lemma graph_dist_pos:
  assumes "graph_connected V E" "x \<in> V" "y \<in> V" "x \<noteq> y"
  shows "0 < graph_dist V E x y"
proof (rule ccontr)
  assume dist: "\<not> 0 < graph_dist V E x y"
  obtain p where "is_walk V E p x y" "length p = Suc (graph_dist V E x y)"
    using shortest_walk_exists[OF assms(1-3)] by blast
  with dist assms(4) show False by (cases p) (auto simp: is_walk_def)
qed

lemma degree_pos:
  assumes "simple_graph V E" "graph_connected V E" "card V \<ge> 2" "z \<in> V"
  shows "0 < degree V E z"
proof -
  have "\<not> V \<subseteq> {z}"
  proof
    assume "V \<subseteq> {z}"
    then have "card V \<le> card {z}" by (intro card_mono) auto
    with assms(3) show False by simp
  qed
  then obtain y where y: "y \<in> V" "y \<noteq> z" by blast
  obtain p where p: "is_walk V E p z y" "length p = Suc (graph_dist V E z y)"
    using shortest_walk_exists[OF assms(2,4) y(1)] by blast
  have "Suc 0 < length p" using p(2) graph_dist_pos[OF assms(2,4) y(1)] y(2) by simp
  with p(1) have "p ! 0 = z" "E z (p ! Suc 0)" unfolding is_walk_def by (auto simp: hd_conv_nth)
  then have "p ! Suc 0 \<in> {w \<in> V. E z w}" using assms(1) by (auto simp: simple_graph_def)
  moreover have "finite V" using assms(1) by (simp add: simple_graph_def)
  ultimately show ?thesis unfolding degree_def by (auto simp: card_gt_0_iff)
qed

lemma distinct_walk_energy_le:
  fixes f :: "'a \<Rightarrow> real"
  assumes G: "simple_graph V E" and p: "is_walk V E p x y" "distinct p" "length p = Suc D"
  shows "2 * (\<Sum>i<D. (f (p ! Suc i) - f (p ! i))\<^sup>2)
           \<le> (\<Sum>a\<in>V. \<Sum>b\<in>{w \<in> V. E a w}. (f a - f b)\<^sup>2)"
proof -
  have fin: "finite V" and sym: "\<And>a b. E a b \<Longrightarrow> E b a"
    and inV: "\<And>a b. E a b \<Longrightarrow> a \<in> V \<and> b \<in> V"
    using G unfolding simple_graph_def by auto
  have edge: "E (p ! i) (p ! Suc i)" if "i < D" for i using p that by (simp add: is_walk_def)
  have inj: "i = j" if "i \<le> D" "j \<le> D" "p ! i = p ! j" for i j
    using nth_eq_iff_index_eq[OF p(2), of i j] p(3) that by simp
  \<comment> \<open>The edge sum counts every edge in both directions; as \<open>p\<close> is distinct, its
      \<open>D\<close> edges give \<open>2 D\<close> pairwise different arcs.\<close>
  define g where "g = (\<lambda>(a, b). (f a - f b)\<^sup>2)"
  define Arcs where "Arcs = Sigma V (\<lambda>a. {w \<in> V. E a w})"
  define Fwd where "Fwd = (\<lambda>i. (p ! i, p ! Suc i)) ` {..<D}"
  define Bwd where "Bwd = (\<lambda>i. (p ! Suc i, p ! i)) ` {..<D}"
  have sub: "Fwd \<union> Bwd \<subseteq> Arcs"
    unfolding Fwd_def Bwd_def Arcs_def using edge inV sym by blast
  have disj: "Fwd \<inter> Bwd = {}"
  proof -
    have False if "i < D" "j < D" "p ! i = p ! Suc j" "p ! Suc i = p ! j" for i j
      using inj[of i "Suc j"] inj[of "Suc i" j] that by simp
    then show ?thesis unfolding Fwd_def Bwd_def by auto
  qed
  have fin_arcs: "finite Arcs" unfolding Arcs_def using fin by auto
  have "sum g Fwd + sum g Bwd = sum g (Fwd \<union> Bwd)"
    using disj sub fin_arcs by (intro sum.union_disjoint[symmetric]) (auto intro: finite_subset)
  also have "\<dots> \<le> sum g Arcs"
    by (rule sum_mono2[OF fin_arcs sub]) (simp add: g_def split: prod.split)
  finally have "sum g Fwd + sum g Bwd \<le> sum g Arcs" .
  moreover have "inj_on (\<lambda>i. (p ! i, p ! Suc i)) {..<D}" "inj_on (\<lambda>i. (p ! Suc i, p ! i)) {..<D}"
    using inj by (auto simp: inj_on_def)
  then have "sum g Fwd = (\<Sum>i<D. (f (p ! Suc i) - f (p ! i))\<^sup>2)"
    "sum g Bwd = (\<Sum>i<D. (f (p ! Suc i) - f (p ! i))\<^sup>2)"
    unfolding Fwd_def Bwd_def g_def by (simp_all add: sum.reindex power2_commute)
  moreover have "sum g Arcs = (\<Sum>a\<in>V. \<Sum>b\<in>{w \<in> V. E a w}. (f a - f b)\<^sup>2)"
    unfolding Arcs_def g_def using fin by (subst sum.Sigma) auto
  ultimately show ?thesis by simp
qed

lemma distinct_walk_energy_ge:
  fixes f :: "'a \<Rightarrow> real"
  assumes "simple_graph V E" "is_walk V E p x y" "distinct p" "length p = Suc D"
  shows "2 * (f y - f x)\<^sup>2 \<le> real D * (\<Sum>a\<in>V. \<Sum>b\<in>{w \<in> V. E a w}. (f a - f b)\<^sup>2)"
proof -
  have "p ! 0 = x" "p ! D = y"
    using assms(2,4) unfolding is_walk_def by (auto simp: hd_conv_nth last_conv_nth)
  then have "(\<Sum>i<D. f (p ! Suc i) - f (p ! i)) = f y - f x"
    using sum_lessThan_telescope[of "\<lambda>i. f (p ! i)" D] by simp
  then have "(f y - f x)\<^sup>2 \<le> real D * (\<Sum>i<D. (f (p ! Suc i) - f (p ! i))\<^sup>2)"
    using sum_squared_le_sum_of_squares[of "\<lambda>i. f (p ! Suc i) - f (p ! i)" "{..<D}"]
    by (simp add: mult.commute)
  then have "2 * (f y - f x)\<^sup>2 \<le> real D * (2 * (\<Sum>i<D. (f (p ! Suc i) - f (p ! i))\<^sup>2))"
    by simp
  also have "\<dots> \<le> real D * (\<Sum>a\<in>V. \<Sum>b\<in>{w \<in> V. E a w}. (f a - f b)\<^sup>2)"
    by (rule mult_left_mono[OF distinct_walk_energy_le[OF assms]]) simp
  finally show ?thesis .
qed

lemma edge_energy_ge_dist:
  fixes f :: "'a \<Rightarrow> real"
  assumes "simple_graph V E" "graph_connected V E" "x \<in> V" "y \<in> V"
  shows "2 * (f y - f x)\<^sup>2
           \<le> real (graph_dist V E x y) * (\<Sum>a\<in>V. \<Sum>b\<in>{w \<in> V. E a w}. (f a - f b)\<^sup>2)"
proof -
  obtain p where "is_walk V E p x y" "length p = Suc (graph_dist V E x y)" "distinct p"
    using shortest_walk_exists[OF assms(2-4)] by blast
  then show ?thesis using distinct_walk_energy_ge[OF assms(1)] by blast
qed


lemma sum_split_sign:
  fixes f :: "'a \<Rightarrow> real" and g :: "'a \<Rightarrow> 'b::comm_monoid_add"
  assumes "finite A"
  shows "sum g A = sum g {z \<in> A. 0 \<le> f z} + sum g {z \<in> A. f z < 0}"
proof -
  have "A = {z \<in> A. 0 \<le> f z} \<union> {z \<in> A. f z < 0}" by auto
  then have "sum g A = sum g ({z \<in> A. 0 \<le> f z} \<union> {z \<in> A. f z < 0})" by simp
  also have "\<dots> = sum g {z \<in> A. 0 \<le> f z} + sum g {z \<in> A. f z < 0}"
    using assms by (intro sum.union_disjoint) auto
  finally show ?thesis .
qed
++++++
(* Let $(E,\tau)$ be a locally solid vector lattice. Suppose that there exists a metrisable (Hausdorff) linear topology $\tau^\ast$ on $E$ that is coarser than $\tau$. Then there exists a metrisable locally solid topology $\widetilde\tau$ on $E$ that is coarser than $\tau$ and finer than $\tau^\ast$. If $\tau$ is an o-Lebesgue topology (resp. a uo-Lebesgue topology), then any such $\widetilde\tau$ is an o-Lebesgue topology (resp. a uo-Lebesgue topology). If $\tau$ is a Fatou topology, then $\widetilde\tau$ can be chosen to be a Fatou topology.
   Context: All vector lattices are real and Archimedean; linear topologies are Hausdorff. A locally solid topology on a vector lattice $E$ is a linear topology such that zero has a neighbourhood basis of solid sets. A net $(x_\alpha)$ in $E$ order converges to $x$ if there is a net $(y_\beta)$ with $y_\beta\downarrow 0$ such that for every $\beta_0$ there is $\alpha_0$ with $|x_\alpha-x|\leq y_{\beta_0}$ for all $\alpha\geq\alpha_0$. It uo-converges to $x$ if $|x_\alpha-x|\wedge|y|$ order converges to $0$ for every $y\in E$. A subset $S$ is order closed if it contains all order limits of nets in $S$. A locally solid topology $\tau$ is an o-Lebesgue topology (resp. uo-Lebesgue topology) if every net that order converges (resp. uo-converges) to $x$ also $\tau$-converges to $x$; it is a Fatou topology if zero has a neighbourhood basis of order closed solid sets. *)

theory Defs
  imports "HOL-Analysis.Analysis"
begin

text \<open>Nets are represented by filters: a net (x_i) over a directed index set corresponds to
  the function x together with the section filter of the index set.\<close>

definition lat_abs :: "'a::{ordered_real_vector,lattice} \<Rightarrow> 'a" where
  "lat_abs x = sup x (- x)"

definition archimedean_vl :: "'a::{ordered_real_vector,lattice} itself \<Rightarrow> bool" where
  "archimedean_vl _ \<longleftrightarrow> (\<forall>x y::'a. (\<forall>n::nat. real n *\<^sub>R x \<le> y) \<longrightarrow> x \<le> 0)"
++++++
> _Exercise aim_
Taking the entries above, write out exactly each line from the one holding "b \<Longrightarrow> E" to the one holding "Arcs = (\<Sum>a\<in>V.", both included, and stop there.

> _Answer section_
  have fin: "finite V" and sym: "\<And>a b. E a b \<Longrightarrow> E b a"
    and inV: "\<And>a b. E a b \<Longrightarrow> a \<in> V \<and> b \<in> V"
    using G unfolding simple_graph_def by auto
  have edge: "E (p ! i) (p ! Suc i)" if "i < D" for i using p that by (simp add: is_walk_def)
  have inj: "i = j" if "i \<le> D" "j \<le> D" "p ! i = p ! j" for i j
    using nth_eq_iff_index_eq[OF p(2), of i j] p(3) that by simp
  \<comment> \<open>The edge sum counts every edge in both directions; as \<open>p\<close> is distinct, its
      \<open>D\<close> edges give \<open>2 D\<close> pairwise different arcs.\<close>
  define g where "g = (\<lambda>(a, b). (f a - f b)\<^sup>2)"
  define Arcs where "Arcs = Sigma V (\<lambda>a. {w \<in> V. E a w})"
  define Fwd where "Fwd = (\<lambda>i. (p ! i, p ! Suc i)) ` {..<D}"
  define Bwd where "Bwd = (\<lambda>i. (p ! Suc i, p ! i)) ` {..<D}"
  have sub: "Fwd \<union> Bwd \<subseteq> Arcs"
    unfolding Fwd_def Bwd_def Arcs_def using edge inV sym by blast
  have disj: "Fwd \<inter> Bwd = {}"
  proof -
    have False if "i < D" "j < D" "p ! i = p ! Suc j" "p ! Suc i = p ! j" for i j
      using inj[of i "Suc j"] inj[of "Suc i" j] that by simp
    then show ?thesis unfolding Fwd_def Bwd_def by auto
  qed
  have fin_arcs: "finite Arcs" unfolding Arcs_def using fin by auto
  have "sum g Fwd + sum g Bwd = sum g (Fwd \<union> Bwd)"
    using disj sub fin_arcs by (intro sum.union_disjoint[symmetric]) (auto intro: finite_subset)
  also have "\<dots> \<le> sum g Arcs"
    by (rule sum_mono2[OF fin_arcs sub]) (simp add: g_def split: prod.split)
  finally have "sum g Fwd + sum g Bwd \<le> sum g Arcs" .
  moreover have "inj_on (\<lambda>i. (p ! i, p ! Suc i)) {..<D}" "inj_on (\<lambda>i. (p ! Suc i, p ! i)) {..<D}"
    using inj by (auto simp: inj_on_def)
  then have "sum g Fwd = (\<Sum>i<D. (f (p ! Suc i) - f (p ! i))\<^sup>2)"
    "sum g Bwd = (\<Sum>i<D. (f (p ! Suc i) - f (p ! i))\<^sup>2)"
    unfolding Fwd_def Bwd_def g_def by (simp_all add: sum.reindex power2_commute)
  moreover have "sum g Arcs = (\<Sum>a\<in>V. \<Sum>b\<in>{w \<in> V. E a w}. (f a - f b)\<^sup>2)"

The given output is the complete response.